The SSDs contain no moving parts and instead feature 50nm single-level cell (SLC) NAND flash memory technology. The Intel X25-E increases server, workstation and storage system performance by 100 times over hard disk drives as measured in Input/Output Per Second (IOPS). In addition, a storage model which includes SSDs can lower energy costs by up to five times.

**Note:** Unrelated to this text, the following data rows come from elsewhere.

lemma lattice_path_range:
  assumes "lattice_path j i k" "l \<in> {1..Suc j}"
  shows "1 \<le> k l \<and> k l \<le> i"
proof -
  have mono: "\<And>m. m \<in> {1..j} \<Longrightarrow> k m \<le> k (Suc m)" and "1 \<le> k 1" "k (Suc j) = i"
    using assms(1) by (auto simp: lattice_path_def)
  note chain = lift_Suc_mono_le_ivl[where f = k and N = "{1..j}", OF mono]
  have "k 1 \<le> k l" using assms(2) by (intro chain) auto
  moreover have "k l \<le> k (Suc j)" using assms(2) by (intro chain) auto
  ultimately show ?thesis using \<open>1 \<le> k 1\<close> \<open>k (Suc j) = i\<close> by simp
qed

lemma lattice_path_extend:
  assumes "lattice_path j i k" "i \<le> i'"
  shows "lattice_path (Suc j) i' (k(Suc (Suc j) := i'))"
  using assms unfolding lattice_path_def by (auto simp: le_Suc_eq)

lemma lattice_path_truncate:
  assumes "lattice_path (Suc j) i k"
  shows "lattice_path j (k (Suc j)) k"
  using assms unfolding lattice_path_def by simp

lemma path_weight_extend:
  "path_weight U V (Suc j) (k(Suc (Suc j) := i')) =
     path_weight U V j k + (\<Sum>m = k (Suc j)..i'. V (Suc j) m)"
proof -
  have "(\<Sum>l = 1..j. \<Sum>m = (k(Suc (Suc j) := i')) l..(k(Suc (Suc j) := i')) (Suc l). V l m)
      = (\<Sum>l = 1..j. \<Sum>m = k l..k (Suc l). V l m)"
    by (rule sum.cong) auto
  then show ?thesis by (simp add: path_weight_def)
qed

lemma path_weight_advance:
  assumes "lattice_path (Suc j) i k"
  shows "path_weight U V (Suc j) (k(Suc (Suc j) := Suc i)) = path_weight U V (Suc j) k + V (Suc j) (Suc i)"
proof -
  have end_i: "k (Suc (Suc j)) = i" and before: "k (Suc j) \<le> i"
    using assms by (auto simp: lattice_path_def)
  have "path_weight U V (Suc j) k = path_weight U V (Suc j) (k(Suc (Suc j) := i))"
    using end_i by (metis fun_upd_triv)
  also have "\<dots> = path_weight U V j k + (\<Sum>m = k (Suc j)..i. V (Suc j) m)"
    by (rule path_weight_extend)
  finally have "path_weight U V (Suc j) k = path_weight U V j k + (\<Sum>m = k (Suc j)..i. V (Suc j) m)" .
  moreover have "path_weight U V (Suc j) (k(Suc (Suc j) := Suc i))
      = path_weight U V j k + (\<Sum>m = k (Suc j)..Suc i. V (Suc j) m)"
    by (rule path_weight_extend)
  ultimately show ?thesis using before by simp
qed

text \<open>Induction on the server, and inside
  on the job, following the branch of the maximum in the Lindley recursion.\<close>
lemma dep_is_path_weight:
  assumes "1 \<le> i"
  shows "\<exists>k. lattice_path j i k \<and> dep U V j i = path_weight U V j k"
  using assms
proof (induction j arbitrary: i)
  case 0
  have "lattice_path 0 i (\<lambda>_. i)" using 0 by (auto simp: lattice_path_def)
  moreover have "dep U V 0 i = path_weight U V 0 (\<lambda>_. i)" by (simp add: path_weight_def)
  ultimately show ?case by blast
next
  case (Suc j)
  show ?case using Suc.prems
  proof (induction i rule: dec_induct)
    case base
    text \<open>The first job only waits for its own departure from server j.\<close>
    obtain k where k: "lattice_path j 1 k" "dep U V j 1 = path_weight U V j k"
      using Suc.IH[of 1] by blast
    have "k (Suc j) = 1" using k(1) by (simp add: lattice_path_def)
    then have "dep U V (Suc j) 1 = path_weight U V (Suc j) (k(Suc (Suc j) := 1))"
      using k(2) by (simp add: path_weight_extend)
    with lattice_path_extend[OF k(1) order_refl] show ?case by blast
  next
    case (step i)
    have rec: "dep U V (Suc j) (Suc i) = max (dep U V (Suc j) i) (dep U V j (Suc i)) + V (Suc j) (Suc i)"
      using step.hyps by simp
    show ?case
    proof (cases "dep U V j (Suc i) \<le> dep U V (Suc j) i")
      case True
      text \<open>Job Suc i waited for job i at server Suc j: advance the path of job i.\<close>
      obtain k where k: "lattice_path (Suc j) i k" "dep U V (Suc j) i = path_weight U V (Suc j) k"
        using step.IH by blast
      have "dep U V (Suc j) (Suc i) = path_weight U V (Suc j) (k(Suc (Suc j) := Suc i))"
        using rec True k(2) path_weight_advance[OF k(1)] by simp
      moreover have "k (Suc j) \<le> Suc i"
        using lattice_path_range[OF k(1), of "Suc j"] by simp
      then have "lattice_path (Suc j) (Suc i) (k(Suc (Suc j) := Suc i))"
        using lattice_path_extend[OF lattice_path_truncate[OF k(1)]] by blast
      ultimately show ?thesis by blast
    next
      case False
      text \<open>Job Suc i waited for its own departure from server j: extend that path.\<close>
      obtain k where k: "lattice_path j (Suc i) k" "dep U V j (Suc i) = path_weight U V j k"
        using Suc.IH[of "Suc i"] by auto
      have "k (Suc j) = Suc i" using k(1) by (simp add: lattice_path_def)
      then have "dep U V (Suc j) (Suc i) = path_weight U V (Suc j) (k(Suc (Suc j) := Suc i))"
        using rec False k(2) by (simp add: path_weight_extend)
      with lattice_path_extend[OF k(1) order_refl] show ?thesis by blast
    qed
  qed
qed

text \<open>A segment sum is a difference of two tail sums, hence bounded by an upper
  envelope of the first tail minus a lower envelope of the second.\<close>
lemma segment_sum_bound:
  fixes f :: "nat \<Rightarrow> real"
  assumes "a \<le> Suc b" "b \<le> n"
    and "sum f {a..n} \<le> hi" "lo \<le> sum f {Suc b..n}"
  shows "sum f {a..b} \<le> hi - lo"
proof -
  have "sum f {a..n} = sum f {a..b} + sum f {Suc b..n}"
    using sum.ub_add_nat[of a b f "n - b"] assms(1,2) by simp
  then show ?thesis using assms(3,4) by simp
qed

lemma arr_split:
  assumes "a \<le> n"
  shows "arr U n = arr U a + (\<Sum>m = Suc a..n. U m)"
  using sum.ub_add_nat[of 1 a U "n - a"] assms by (simp add: arr_def)

lemma path_weight_bound:
  fixes U :: "nat \<Rightarrow> real" and V :: "nat \<Rightarrow> nat \<Rightarrow> real"
  assumes "J \<ge> 1" "lattice_path J n k"
    and V_bounds: "\<And>j k. 1 \<le> j \<Longrightarrow> j \<le> J \<Longrightarrow> 1 \<le> k \<Longrightarrow> k \<le> n \<Longrightarrow>
                   Gjmin j k \<le> (\<Sum>i = k..n. V j i) \<and> (\<Sum>i = k..n. V j i) \<le> Gjmax j k"
    and U_bounds: "\<And>k. 1 \<le> k \<Longrightarrow> k \<le> n \<Longrightarrow> Gmin k \<le> (\<Sum>i = k..n. U i)"
    and conv_j: "\<And>j. 1 \<le> j \<Longrightarrow> j \<le> J \<Longrightarrow> Gjmin j (n + 1) = 0"
    and conv: "Gmin (n + 1) = 0"
  shows "path_weight U V J k - arr U n \<le>
    (\<Sum>j = 1..J - 1. Gjmax j (k j) - Gjmin j (k (j + 1) + 1)) + Gjmax J (k J) - Gmin (k 1 + 1)"
proof -
  have range: "\<And>l. l \<in> {1..Suc J} \<Longrightarrow> 1 \<le> k l \<and> k l \<le> n"
    using lattice_path_range[OF assms(2)] by blast
  have mono: "\<And>l. l \<in> {1..J} \<Longrightarrow> k l \<le> k (Suc l)" and last_n: "k (Suc J) = n"
    using assms(2) unfolding lattice_path_def by blast+
  have tail_V: "Gjmin l (Suc b) \<le> (\<Sum>m = Suc b..n. V l m)" if "1 \<le> l" "l \<le> J" "b \<le> n" for l b
  proof (cases "b = n")
    case True then show ?thesis using conv_j[OF that(1,2)] by simp
  next
    case False then show ?thesis using V_bounds[of l "Suc b"] that by simp
  qed
  have tail_U: "Gmin (Suc b) \<le> (\<Sum>m = Suc b..n. U m)" if "b \<le> n" for b
  proof (cases "b = n")
    case True then show ?thesis using conv by simp
  next
    case False then show ?thesis using U_bounds[of "Suc b"] that by simp
  qed
  have seg: "(\<Sum>m = k l..k (Suc l). V l m) \<le> Gjmax l (k l) - Gjmin l (k (l + 1) + 1)"
    if l: "l \<in> {1..J}" for l
  proof -
    have "1 \<le> k l" "k l \<le> n" "k (Suc l) \<le> n" using range[of l] range[of "Suc l"] l by auto
    moreover have "k l \<le> Suc (k (Suc l))" using mono[OF l] by simp
    moreover have "l \<le> J" "1 \<le> l" using l by auto
    ultimately show ?thesis
      using segment_sum_bound[of "k l" "k (Suc l)" n "V l" "Gjmax l (k l)" "Gjmin l (Suc (k (Suc l)))"]
        V_bounds[of l "k l"] tail_V[of l "k (Suc l)"] by simp
  qed
  have last: "(\<Sum>m = k J..k (Suc J). V J m) \<le> Gjmax J (k J)"
    using V_bounds[of J "k J"] range[of J] last_n \<open>J \<ge> 1\<close> by simp
  have arrival: "arr U (k 1) - arr U n \<le> - Gmin (k 1 + 1)"
    using arr_split[of "k 1" n U] tail_U[of "k 1"] range[of 1] by simp
  obtain J' where J: "J = Suc J'" using \<open>J \<ge> 1\<close> by (cases J) auto
  have "(\<Sum>l = 1..J. \<Sum>m = k l..k (Suc l). V l m)
      = (\<Sum>l = 1..J - 1. \<Sum>m = k l..k (Suc l). V l m) + (\<Sum>m = k J..k (Suc J). V J m)"
    by (simp add: J)
  also have "\<dots> \<le> (\<Sum>l = 1..J - 1. Gjmax l (k l) - Gjmin l (k (l + 1) + 1)) + Gjmax J (k J)"
  proof (rule add_mono[OF sum_mono last])
    fix l assume "l \<in> {1..J - 1}"
    then show "(\<Sum>m = k l..k (Suc l). V l m) \<le> Gjmax l (k l) - Gjmin l (k (l + 1) + 1)"
      by (intro seg) auto
  qed
  finally show ?thesis using arrival unfolding path_weight_def by linarith
qed

lemma finite_values_on_finite_support:
  assumes "finite A" "finite B" "\<And>k. Q k \<Longrightarrow> k ` A \<subseteq> B"
    and "\<And>k k'. (\<And>j. j \<in> A \<Longrightarrow> k j = k' j) \<Longrightarrow> F k = F k'"
  shows "finite {F k | k. Q k}"
proof (rule finite_subset)
  show "{F k | k. Q k} \<subseteq> F ` PiE A (\<lambda>_. B)"
  proof
    fix y assume "y \<in> {F k | k. Q k}"
    then obtain k where y: "y = F k" and "Q k" by blast
    then have restricted: "restrict k A \<in> PiE A (\<lambda>_. B)"
      using assms(3) by (simp add: restrict_PiE_iff image_subset_iff)
    have "F (restrict k A) = F k" by (rule assms(4)) simp
    then show "y \<in> F ` PiE A (\<lambda>_. B)" unfolding y by (rule image_eqI[OF sym restricted])
  qed
  show "finite (F ` PiE A (\<lambda>_. B))" using assms(1,2) by (intro finite_imageI finite_PiE)
qed

lemma finite_envelope_values:
  fixes Gjmin Gjmax :: "nat \<Rightarrow> nat \<Rightarrow> real" and Gmin :: "nat \<Rightarrow> real"
  assumes "J \<ge> 1"
  shows "finite { (\<Sum>j = 1..J - 1. Gjmax j (k j) - Gjmin j (k (j + 1) + 1))
            + Gjmax J (k J) - Gmin (k 1 + 1)
          | k :: nat \<Rightarrow> nat.
            (\<forall>j \<in> {1..J}. 1 \<le> k j \<and> k j \<le> n) \<and> (\<forall>j \<in> {1..<J}. k j \<le> k (j + 1)) }"
    (is "finite {?T k | k. ?P k}")
proof (rule finite_values_on_finite_support[where A = "{1..J}" and B = "{1..n}"])
  show "k ` {1..J} \<subseteq> {1..n}" if "?P k" for k using that by auto
next
  fix k k' :: "nat \<Rightarrow> nat" assume same: "\<And>j. j \<in> {1..J} \<Longrightarrow> k j = k' j"
  have "(\<Sum>j = 1..J - 1. Gjmax j (k j) - Gjmin j (k (j + 1) + 1))
      = (\<Sum>j = 1..J - 1. Gjmax j (k' j) - Gjmin j (k' (j + 1) + 1))"
    using same by (intro sum.cong) auto
  moreover have "k J = k' J" "k 1 = k' 1" using same assms by auto
  ultimately show "?T k = ?T k'" by simp
qed simp_all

Intel said the product has been designed for intense computing workloads which benefit from high random read and write performance, as measured in IOPS. Key technical performance specifications of the 32GB Intel X-25E SATA SSD include 35,000 IOPS (4KB Random Read), 3,300 IOPS (4KB Random Write) and 75 microsecond read latency. This performance, combined with low active power of 2.4W, delivers up to 14,000 IOPS per watt. The product also achieves up to 250MB/s sequential read speeds and up to 170MB/s sequential write speeds, all in a 2.5" form factor.
The company said it has achieved this performance through innovations such as 10-channel NAND architecture with Native Command Queuing, proprietary controller and firmware efficient in advanced wear-levelling and low write amplification. The 32GB X25-E is capable of writing up to 4PB of data over a three-year period (3.7TB/day) and double that for the 64GB version.
The 32GB capacity drive is in production and priced at USD695 for quantities up to 1,000. The 64GB version is expected to sample in Q4 2008, with production estimated for Q1 2009.